- Калым - нехорошее слово. Некультурное… Сыну моему, Салимджану, повредила бы болтовня о калыме. Не маленький он человек. Какой калым, а? Все, что делается, по обычаю делается. Свадьбу справить - надо, одарить родню - надо. Вот, было, двоюродную племянницу мою отдавали. Жених к свадьбе подарок припас - деньгами шестьсот новыми, рису - восемьдесят кило, муки - двести, сушеного урюка - сорок кило, чаю - кило да пара баранов… А девушка - не порочу ее, но разве внучке моей чета? О свадьбе Иннур вся степь шуметь должна!
- В свадьбе, что ли, достоинство человека? Слава его? - крик разрывал грудь Сарвара. - В мои годы - старший чабан я! Уменье - есть! И эти руки - вот!
Он схватил обеими руками камчу - туго свитую из воловьих жил чабанскую камчу, неизносимую. Чуть задрожала щека - согнул камчу пополам. Атамурад следил за ним, прищурясь, как стрелок.

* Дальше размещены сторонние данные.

lemma isotropic_overparameterized_closed_forms:
  fixes th :: "real^'m"
  defines "M \<equiv> real CARD('m)" and "t \<equiv> (norm th)\<^sup>2"
  assumes "0 < n" "n < CARD('m)" "n < p"
  shows "BN0 (mat 1) th n p = real p * n * t / (M * (real p - n))"
    and "VN0 (mat 1 :: real^'m^'m) s2 n p = s2 * real p * n / ((M - n) * (real p - n))"
    and "BR0 (mat 1) th n p = (M - n) * real p * t / (M * (real p - n))"
    and "VR0 (mat 1 :: real^'m^'m) s2 n p = s2 * n / (M - n) + s2 * n / (real p - n)"
proof -
  have lam: "lam_eff (mat 1 :: real^'m^'m) n = (M - n) / n"
    using assms(3,4) by (simp add: lam_eff_mat_1 M_def field_simps)
  have res: "resolv (mat 1) (lam_eff (mat 1 :: real^'m^'m) n) = mat (n / M)"
    using assms(3,4) by (simp add: resolv_lam_eff_mat_1 M_def)
  have df: "real n - df2 (mat 1 :: real^'m^'m) (lam_eff (mat 1 :: real^'m^'m) n) = n * (M - n) / M"
    using assms(3,4) by (simp add: df2_lam_eff_mat_1 M_def field_simps power2_eq_square)
  have "real n < M" "real n < p" "0 < real n" using assms(3-5) by (simp_all add: M_def)
  then have ne: "M \<noteq> 0" "M - n \<noteq> 0" "real p - n \<noteq> 0" "real n \<noteq> 0" by auto
  show "BN0 (mat 1) th n p = real p * n * t / (M * (real p - n))"
    using assms(5) ne by (simp add: BN0_def res inner_mat_vector_mult t_def)
  show "VN0 (mat 1 :: real^'m^'m) s2 n p = s2 * real p * n / ((M - n) * (real p - n))"
    using assms(5) ne by (simp add: VN0_def lam)
  have "BR0 (mat 1) th n p
      = n * (lam_eff (mat 1 :: real^'m^'m) n)\<^sup>2 * (n / M * (n / M) * t) / (n * (M - n) / M)
      + n * lam_eff (mat 1 :: real^'m^'m) n * (n / M * t) / (real p - n)"
    using assms(5) by (simp add: BR0_def Let_def res df mat_mult_mat inner_mat_vector_mult t_def)
  also have "\<dots> = (M - n) * t / M + n * (M - n) * t / (M * (real p - n))"
    using ne by (simp add: lam power2_eq_square)
  also have "\<dots> = (M - n) * real p * t / (M * (real p - n))"
    using ne by (simp add: field_simps)
  finally show "BR0 (mat 1) th n p = (M - n) * real p * t / (M * (real p - n))" .
  have "VR0 (mat 1 :: real^'m^'m) s2 n p
      = s2 * (n\<^sup>2 / M) / (n * (M - n) / M) + s2 * n / (real p - n)"
    using assms(3-5) df by (simp add: VR0_def df2_lam_eff_mat_1 M_def)
  moreover have "s2 * (n\<^sup>2 / M) / (n * (M - n) / M) = s2 * n / (M - n)"
    using ne by (simp add: field_simps power2_eq_square)
  ultimately show "VR0 (mat 1 :: real^'m^'m) s2 n p = s2 * n / (M - n) + s2 * n / (real p - n)"
    by simp
qed
text \<open>A step of a walk from \<open>a\<close> to \<open>c\<close> pushes one unit along the edge \<open>(a, c)\<close> if \<open>b\<close> holds and
  otherwise cancels one unit on the reverse edge \<open>(c, a)\<close>.\<close>

definition step_flow :: "bool \<Rightarrow> 'a \<Rightarrow> 'a \<Rightarrow> 'a \<Rightarrow> 'a \<Rightarrow> real" where
  "step_flow b a c u v =
     (if b then (if a = u \<and> c = v then 1 else 0) else (if c = u \<and> a = v then -1 else 0))"

definition walk_flow :: "(nat \<Rightarrow> bool) \<Rightarrow> 'a list \<Rightarrow> 'a \<Rightarrow> 'a \<Rightarrow> real" where
  "walk_flow fw p u v = (\<Sum>k<length p - 1. step_flow (fw k) (p ! k) (p ! Suc k) u v)"

definition traverses :: "'a list \<Rightarrow> 'a \<Rightarrow> 'a \<Rightarrow> bool" where
  "traverses p u v \<longleftrightarrow> (\<exists>k. Suc k < length p \<and> p ! k = u \<and> p ! Suc k = v)"

lemma excess_add_scaled: "excess V (\<lambda>u v. g u v + c * h u v) x = excess V g x + c * excess V h x"
  unfolding excess_def by (simp add: sum.distrib sum_distrib_left algebra_simps)

lemma excess_sum: "excess V (\<lambda>u v. \<Sum>i\<in>I. h i u v) x = (\<Sum>i\<in>I. excess V (h i) x)"
  unfolding excess_def by (simp add: sum.swap[of _ V] sum_subtractf)

lemma excess_mult: "excess V (\<lambda>u v. c * h u v) x = c * excess V h x"
  unfolding excess_def by (simp add: sum_distrib_left right_diff_distrib)

lemma excess_step_flow:
  assumes "finite V" "a \<in> V" "c \<in> V"
  shows "excess V (step_flow b a c) x = (if c = x then 1 else 0) - (if a = x then 1 else 0)"
proof (cases b)
  case True
  have "(\<Sum>u\<in>V. step_flow b a c u x) = (if c = x then 1 else 0)"
    using assms True by (simp add: step_flow_def sum.delta' conj_commute)
  moreover have "(\<Sum>v\<in>V. step_flow b a c x v) = (if a = x then 1 else 0)"
    using assms True by (simp add: step_flow_def sum.delta)
  ultimately show ?thesis by (simp add: excess_def)
next
  case False
  have "(\<Sum>u\<in>V. step_flow b a c u x) = (\<Sum>u\<in>V. if c = u then (if a = x then -1 else 0) else 0)"
    "(\<Sum>v\<in>V. step_flow b a c x v) = (\<Sum>v\<in>V. if a = v then (if c = x then -1 else 0) else 0)"
    using False by (auto intro!: sum.cong simp: step_flow_def)
  then show ?thesis using assms by (simp add: excess_def sum.delta)
qed

lemma excess_walk_flow:
  assumes "finite V" "set p \<subseteq> V" "p \<noteq> []"
  shows "excess V (walk_flow fw p) x = (if last p = x then 1 else 0) - (if hd p = x then 1 else 0)"
proof -
  have "excess V (walk_flow fw p) x = (\<Sum>k<length p - 1. excess V (step_flow (fw k) (p ! k) (p ! Suc k)) x)"
    unfolding walk_flow_def by (rule excess_sum)
  also have "\<dots> = (\<Sum>k<length p - 1. (if p ! Suc k = x then 1 else 0) - (if p ! k = x then 1 else 0))"
    using assms by (intro sum.cong refl excess_step_flow) auto
  also have "\<dots> = (if p ! (length p - 1) = x then 1 else 0) - (if p ! 0 = x then 1 else 0)"
    by (rule sum_lessThan_telescope[where f = "\<lambda>k. if p ! k = x then 1 else (0::real)"])
  finally show ?thesis using assms(3) by (simp add: hd_conv_nth last_conv_nth)
qed

lemma step_flow_bounds: "-1 \<le> step_flow b a c u v" "step_flow b a c u v \<le> 1"
  unfolding step_flow_def by (cases b; auto)+

lemma walk_flow_bounds:
  "- real (length p - 1) \<le> walk_flow fw p u v" "walk_flow fw p u v \<le> real (length p - 1)"
proof -
  have "(\<Sum>k<length p - 1. -1) \<le> walk_flow fw p u v" "walk_flow fw p u v \<le> (\<Sum>k<length p - 1. 1)"
    unfolding walk_flow_def by (intro sum_mono step_flow_bounds)+
  then show "- real (length p - 1) \<le> walk_flow fw p u v" "walk_flow fw p u v \<le> real (length p - 1)"
    by simp_all
qed

lemma walk_flow_nonpos:
  assumes "\<forall>k. Suc k < length p \<longrightarrow> \<not> (fw k \<and> p ! k = u \<and> p ! Suc k = v)"
  shows "walk_flow fw p u v \<le> 0"
  unfolding walk_flow_def
proof (intro sum_nonpos)
  fix k assume "k \<in> {..<length p - 1}"
  then have "Suc k < length p" by auto
  then show "step_flow (fw k) (p ! k) (p ! Suc k) u v \<le> 0"
    using assms unfolding step_flow_def by (cases "fw k") auto
qed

- Чабан чабану не ровня, - поучал нехотя, лениво. - Есть такие: и меда поест, и руки не завязнут! А ты - дедов внук… Шоди-караванбаши, ха! Другие водили караваны - золото привозили, да… И шали кашмирские, легкие, как сон мотылька. Этот - приезжал, начиненный болтовней. Стихи, сказки - а в халате дыры, кулак пройдет. Всю жизнь за овцами ходил - и блошиной шубы не выходил себе! У других меньше славы, да больше шкурок в сундуках…
- Мой дед, имя его, - начал Сарвар, дрожа, - сердце подкатилось к горлу, он встал на стременах, кричал, не помня себя: - Честен дед мой! Честен! Вот - слава его! Вот - почет!
- Орет! Голову взбесившегося барана съел, что ли? - старик усмехнулся, блеснули сохранные зубы. - Ори, разевай глотку… Собака - проклинала, а волку - что?
И, уже понукая коня, обернув к нему недрогнувшее лицо, сказал отчетливо:
- Запомни, как серьгу вдень в ухо мои слова: забудь о девушке! Имя ее забудь! Не отстанешь - вышибем память из головы! Родство наше велико, а степь молчалива!..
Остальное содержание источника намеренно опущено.